**Brief:** Below are the records. Restate word for word every line from the one that contains "by (simp add: conf_mean_def sum.distrib" through the final line, both included.

*** Opening Available records ***

lemma conf_mean_block_right:
  fixes f :: "(int \<Rightarrow> 'f::{finite,group_add}) \<Rightarrow> real"
  assumes "\<And>\<phi>. f \<phi> = f (restr_conf \<phi> n)"
  shows "conf_mean {1..int (m + n)} (\<lambda>\<phi>. f (conf_shift (int m) \<phi>)) = conf_mean {1..int n} f"
proof -
  have "restr_conf (conf_shift (int m) (conf_concat m \<phi>\<^sub>1 \<phi>\<^sub>2)) n = \<phi>\<^sub>2"
    if "\<phi>\<^sub>2 \<in> block_confs n" for \<phi>\<^sub>1 \<phi>\<^sub>2 :: "int \<Rightarrow> 'f"
    using that by (auto simp: restr_conf_def conf_concat_def conf_shift_def confs_on_def fun_eq_iff)
  then have "(\<Sum>\<psi>\<in>block_confs (m + n). f (conf_shift (int m) \<psi>))
      = (\<Sum>\<phi>\<^sub>1\<in>(block_confs m :: (int \<Rightarrow> 'f) set). \<Sum>\<phi>\<^sub>2\<in>block_confs n. f \<phi>\<^sub>2)"
    unfolding sum_block_confs_add by (intro sum.cong refl) (metis assms)
  then show ?thesis
    unfolding conf_mean_def by (simp add: card_block_confs power_add del: of_nat_add)
qed

lemma conf_mean_add: "conf_mean J (\<lambda>\<phi>. f \<phi> + g \<phi>) = conf_mean J f + conf_mean J g"
  by (simp add: conf_mean_def sum.distrib add_divide_distrib)

lemma conf_mean_const: "finite J \<Longrightarrow> conf_mean J (\<lambda>_. c) = c"
  by (simp add: conf_mean_def card_confs_on)

lemma conf_mean_mono:
  "(\<And>\<phi>. \<phi> \<in> confs_on J \<Longrightarrow> f \<phi> \<le> g \<phi>) \<Longrightarrow> conf_mean J f \<le> conf_mean J g"
  unfolding conf_mean_def by (intro divide_right_mono sum_mono) auto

*** Closing Available records ***

**Task response:**
  by (simp add: conf_mean_def sum.distrib add_divide_distrib)

lemma conf_mean_const: "finite J \<Longrightarrow> conf_mean J (\<lambda>_. c) = c"
  by (simp add: conf_mean_def card_confs_on)

lemma conf_mean_mono:
  "(\<And>\<phi>. \<phi> \<in> confs_on J \<Longrightarrow> f \<phi> \<le> g \<phi>) \<Longrightarrow> conf_mean J f \<le> conf_mean J g"
  unfolding conf_mean_def by (intro divide_right_mono sum_mono) auto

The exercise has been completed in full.